§ EXERCISE GOAL:
Print the lines that run from the line with "0) (subpath w 0" to the line with "s (plen w) \<in>", keeping both end lines, exactly as they appear in the entries below, and nothing else.

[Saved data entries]
lemma sigma_extension:
  assumes w: "is_path w" and n: "-1 \<le> n" "odd n"
    and q1: "subpath w 0 m1 \<in> Gamma n" and q2: "subpath w m2 (plen w) \<in> Gamma n"
    and "0 < m2" "m2 \<le> plen w" "m1 < plen w" and a: "\<not> subpath_inI w m1 (plen w)"
  shows "\<exists>p1 x1 y1 x c. p1 \<in> Gamma (n + 1) \<and> occ w p1 x1 y1 \<and> occ p1 (sigma (n + 1) n p1) x c
    \<and> sigma (n + 1) n p1 = subpath w 0 m1 \<and> pcomp x1 x = triv (ptgt w)
    \<and> pcomp c y1 = subpath w m1 (plen w)"
proof -
  let ?J = "subpath_inI w" and ?m = "nat (n + 1)"
  have m: "even ?m" "nat (n + 1 + 1) = Suc ?m" using n by (simp_all add: even_nat_iff)
  obtain c1 where c1: "left_chain ?J ?m 0 m1 c1"
    using q1 Gamma_subpath_iff_left_chain[OF w _ _ n(1)] \<open>m1 < plen w\<close> by auto
  obtain c2 where c2: "left_chain ?J ?m m2 (plen w) c2"
    using q2 Gamma_subpath_iff_left_chain[OF w _ _ n(1)] \<open>m2 \<le> plen w\<close> by auto
  obtain e c where c: "left_chain ?J (Suc ?m) 0 e c" "\<forall>k\<le>?m. c k = c1 k"
    and e: "m1 < e" "e \<le> plen w"
    using left_chain_extend[OF segment_ideal_subpath_inI[OF w order_refl] c1 c2 m(1)] assms(6,8) a
    by blast
  have G: "subpath w 0 e \<in> Gamma (n + 1)"
    using Gamma_subpath_iff_left_chain[OF w _ e(2)] c(1) m(2) n by auto
  have sigma: "sigma (n + 1) n (subpath w 0 e) = subpath w 0 m1"
    using sigma_subpath[OF w _ e(2), where k = n and n = "n + 1" and c = c] c m(2) n
      left_chainD(2)[OF c1]
    by simp
  show ?thesis
  proof (intro exI conjI)
    show "occ w (subpath w 0 e) (subpath w 0 0) (subpath w e (plen w))"
      "occ (subpath w 0 e) (sigma (n + 1) n (subpath w 0 e)) (subpath w 0 0) (subpath w m1 e)"
      using occ_subpath_subpath[OF w, of 0 0 e "plen w"] occ_subpath_subpath[OF w, of 0 0 m1 e]
        sigma e
      by simp_all
    show "pcomp (subpath w 0 0) (subpath w 0 0) = triv (ptgt w)"
      "pcomp (subpath w m1 e) (subpath w e (plen w)) = subpath w m1 (plen w)"
      using pcomp_subpath[of _ _ _ w] triv_eq_subpath(1)[of w] e by simp_all
  qed (use G sigma in simp_all)
qed

lemma pi_extension:
  assumes w: "is_path w" and n: "-1 \<le> n" "odd n"
    and q1: "subpath w 0 m1 \<in> Gamma n" and q2: "subpath w m2 (plen w) \<in> Gamma n"
    and "0 < m2" "m2 \<le> plen w" "m1 < plen w" and b: "\<not> subpath_inI w 0 m2"
  shows "\<exists>p2 x2 y2 x c. p2 \<in> Gamma (n + 1) \<and> occ w p2 x2 y2 \<and> occ p2 (pi (n + 1) n p2) x c
    \<and> pi (n + 1) n p2 = subpath w m2 (plen w) \<and> pcomp x2 x = subpath w 0 m2
    \<and> pcomp c y2 = triv (psrc w)"
proof -
  let ?J = "subpath_inI w" and ?m = "nat (n + 1)"
  have m: "even ?m" "nat (n + 1 + 1) = Suc ?m" using n by (simp_all add: even_nat_iff)
  obtain d1 where d1: "right_chain ?J ?m 0 m1 d1"
    using q1 Gamma_subpath_iff_right_chain[OF w _ _ n(1)] \<open>m1 < plen w\<close> by auto
  obtain d2 where d2: "right_chain ?J ?m m2 (plen w) d2"
    using q2 Gamma_subpath_iff_right_chain[OF w _ _ n(1)] \<open>m2 \<le> plen w\<close> by auto
  obtain s d where d: "right_chain ?J (Suc ?m) s (plen w) d" "\<forall>k\<le>?m. d k = d2 k" and s: "s < m2"
    using right_chain_extend[OF segment_ideal_subpath_inI[OF w order_refl] d1 d2 m(1)] assms(6,8) b
    by blast
  have G: "subpath w s (plen w) \<in> Gamma (n + 1)"
    using Gamma_subpath_iff_right_chain[OF w _ order_refl] d(1) m(2) n s \<open>m2 \<le> plen w\<close> by auto
  have pi: "pi (n + 1) n (subpath w s (plen w)) = subpath w m2 (plen w)"
    using pi_subpath[OF w _ order_refl, where lo = s and k = n and n = "n + 1" and d = d] d m(2) n s
      \<open>m2 \<le> plen w\<close> right_chainD(2)[OF d2]
    by simp
  show ?thesis
  proof (intro exI conjI)
    show "occ w (subpath w s (plen w)) (subpath w 0 s) (subpath w (plen w) (plen w))"
      "occ (subpath w s (plen w)) (pi (n + 1) n (subpath w s (plen w))) (subpath w s m2)
        (subpath w (plen w) (plen w))"
      using occ_subpath_subpath[OF w, of 0 s "plen w" "plen w"]
        occ_subpath_subpath[OF w, of s m2 "plen w" "plen w"] pi s \<open>m2 \<le> plen w\<close>
      by simp_all
    show "pcomp (subpath w 0 s) (subpath w s m2) = subpath w 0 m2"
      "pcomp (subpath w (plen w) (plen w)) (subpath w (plen w) (plen w)) = triv (psrc w)"
      using pcomp_subpath[of _ _ _ w] triv_eq_subpath(2)[of w] s \<open>m2 \<le> plen w\<close> by simp_all
  qed (use G pi in simp_all)
qed

end

theorem mainTheorem3:
  fixes Q0 :: "'v set" and Q1 :: "'e set" and s t :: "'e \<Rightarrow> 'v"
    and R :: "('v,'e) qpath set"
    and n :: int and q1 q2 a b w :: "('v,'e) qpath"
  assumes fm: "finite_monomial Q0 Q1 s t R"
    and n: "n \<ge> -1" "odd n"
    and q1: "q1 \<in> quiver_monomial.Gamma Q0 Q1 s t R n"
    and q2: "q2 \<in> quiver_monomial.Gamma Q0 Q1 s t R n"
    and a: "quiver_monomial.is_path Q0 Q1 s t a" "plen a > 0"
    and b: "quiver_monomial.is_path Q0 Q1 s t b" "plen b > 0"
    and comp1: "quiver_monomial.ptgt t a = psrc q1"
    and comp2: "quiver_monomial.ptgt t q2 = psrc b"
    and w1: "w = pcomp q1 a"
    and w2: "w = pcomp b q2"
    and aB: "\<not> quiver_monomial.inI Q0 Q1 s t R a"
    and bB: "\<not> quiver_monomial.inI Q0 Q1 s t R b"
  shows "(\<exists>p1 x1 y1 x c.
            p1 \<in> quiver_monomial.Gamma Q0 Q1 s t R (n + 1)
          \<and> quiver_monomial.occ Q0 Q1 s t w p1 x1 y1
          \<and> quiver_monomial.occ Q0 Q1 s t p1 (quiver_monomial.sigma Q0 Q1 s t R (n + 1) n p1) x c
          \<and> quiver_monomial.sigma Q0 Q1 s t R (n + 1) n p1 = q1
          \<and> pcomp x1 x = triv (quiver_monomial.ptgt t w)
          \<and> pcomp c y1 = a)
       \<and> (\<exists>p2 x2 y2 x c.
            p2 \<in> quiver_monomial.Gamma Q0 Q1 s t R (n + 1)
          \<and> quiver_monomial.occ Q0 Q1 s t w p2 x2 y2
          \<and> quiver_monomial.occ Q0 Q1 s t p2 (quiver_monomial.pi Q0 Q1 s t R (n + 1) n p2) x c
          \<and> quiver_monomial.pi Q0 Q1 s t R (n + 1) n p2 = q2
          \<and> pcomp x2 x = b
          \<and> pcomp c y2 = triv (psrc w))"
proof -
  interpret monomial_quiver Q0 Q1 s t R
    using fm by unfold_locales (auto simp: finite_monomial_def)
  have w: "is_path w" using is_path_pcomp[OF b(1) Gamma_is_path[OF q2] comp2] w2 by simp
  define m1 m2 where "m1 = plen q1" and "m2 = plen b"
  have split: "q1 = subpath w 0 m1" "a = subpath w m1 (plen w)"
    "b = subpath w 0 m2" "q2 = subpath w m2 (plen w)"
    using pcomp_eq_subpaths[OF comp1, folded w1] pcomp_eq_subpaths[OF comp2, folded w2]
    unfolding m1_def m2_def by simp_all
  have len: "0 < m2" "m2 \<le> plen w" "m1 < plen w"
    using arg_cong[OF w1, of plen] arg_cong[OF w2, of plen] a(2) b(2) m1_def m2_def by simp_all
  show ?thesis
    using sigma_extension[OF w n q1[unfolded split] q2[unfolded split] len]
      pi_extension[OF w n q1[unfolded split] q2[unfolded split] len] aB bB split
    by (simp add: subpath_inI_def)
qed
lemma interval_not_covered_by_balls:
  fixes c :: "int \<Rightarrow> real" and \<rho> :: "nat \<Rightarrow> real"
  assumes "\<rho> sums s" "\<And>m. 0 \<le> \<rho> m" "4 * s < b - a"
  shows "\<exists>x\<in>{a..b}. \<forall>n. x \<notin> ball (c n) (\<rho> (nat \<bar>n\<bar>))"
proof -
  define B where "B m = ball (c (int m)) (\<rho> m) \<union> ball (c (- int m)) (\<rho> m)" for m
  have "emeasure lborel (B m) \<le> ennreal (4 * \<rho> m)" for m
  proof -
    have "emeasure lborel (B m)
        \<le> emeasure lborel (ball (c (int m)) (\<rho> m)) + emeasure lborel (ball (c (- int m)) (\<rho> m))"
      unfolding B_def by (rule emeasure_subadditive) auto
    also have "\<dots> = ennreal (4 * \<rho> m)"
      using assms(2) [of m] by (simp add: ball_eq_greaterThanLessThan flip: ennreal_plus)
    finally show ?thesis .
  qed
  then have "(\<Sum>m. emeasure lborel (B m)) \<le> (\<Sum>m. ennreal (4 * \<rho> m))"
    by (intro suminf_le) auto
  also have "\<dots> = ennreal (4 * s)"
    using assms(1,2) by (intro suminf_ennreal_eq sums_mult) auto
  also have "\<dots> < emeasure lborel {a..b}"
  proof -
    have "0 \<le> s"
      using assms(1,2) by (metis sums_iff suminf_nonneg)
    then show ?thesis
      using assms(3) by (simp add: ennreal_lessI)
  qed
  finally have "\<exists>x\<in>{a..b}. \<forall>m. x \<notin> B m"
    by (intro exists_not_in_Union_if_suminf_emeasure_less) (auto simp: B_def)
  then obtain x where x: "x \<in> {a..b}" "\<And>m. x \<notin> B m"
    by blast
  have "x \<notin> ball (c n) (\<rho> (nat \<bar>n\<bar>))" for n
  proof (cases "n \<ge> 0")
    case True
    then show ?thesis
      using x(2) [of "nat n"] by (simp add: B_def)
  next
    case False
    then show ?thesis
      using x(2) [of "nat (- n)"] by (simp add: B_def)
  qed
  with x(1) show ?thesis
    by blast
qed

§ RESULT OF THE TASK:
    show "pcomp (subpath w 0 0) (subpath w 0 0) = triv (ptgt w)"
      "pcomp (subpath w m1 e) (subpath w e (plen w)) = subpath w m1 (plen w)"
      using pcomp_subpath[of _ _ _ w] triv_eq_subpath(1)[of w] e by simp_all
  qed (use G sigma in simp_all)
qed

lemma pi_extension:
  assumes w: "is_path w" and n: "-1 \<le> n" "odd n"
    and q1: "subpath w 0 m1 \<in> Gamma n" and q2: "subpath w m2 (plen w) \<in> Gamma n"
    and "0 < m2" "m2 \<le> plen w" "m1 < plen w" and b: "\<not> subpath_inI w 0 m2"
  shows "\<exists>p2 x2 y2 x c. p2 \<in> Gamma (n + 1) \<and> occ w p2 x2 y2 \<and> occ p2 (pi (n + 1) n p2) x c
    \<and> pi (n + 1) n p2 = subpath w m2 (plen w) \<and> pcomp x2 x = subpath w 0 m2
    \<and> pcomp c y2 = triv (psrc w)"
proof -
  let ?J = "subpath_inI w" and ?m = "nat (n + 1)"
  have m: "even ?m" "nat (n + 1 + 1) = Suc ?m" using n by (simp_all add: even_nat_iff)
  obtain d1 where d1: "right_chain ?J ?m 0 m1 d1"
    using q1 Gamma_subpath_iff_right_chain[OF w _ _ n(1)] \<open>m1 < plen w\<close> by auto
  obtain d2 where d2: "right_chain ?J ?m m2 (plen w) d2"
    using q2 Gamma_subpath_iff_right_chain[OF w _ _ n(1)] \<open>m2 \<le> plen w\<close> by auto
  obtain s d where d: "right_chain ?J (Suc ?m) s (plen w) d" "\<forall>k\<le>?m. d k = d2 k" and s: "s < m2"
    using right_chain_extend[OF segment_ideal_subpath_inI[OF w order_refl] d1 d2 m(1)] assms(6,8) b
    by blast
  have G: "subpath w s (plen w) \<in> Gamma (n + 1)"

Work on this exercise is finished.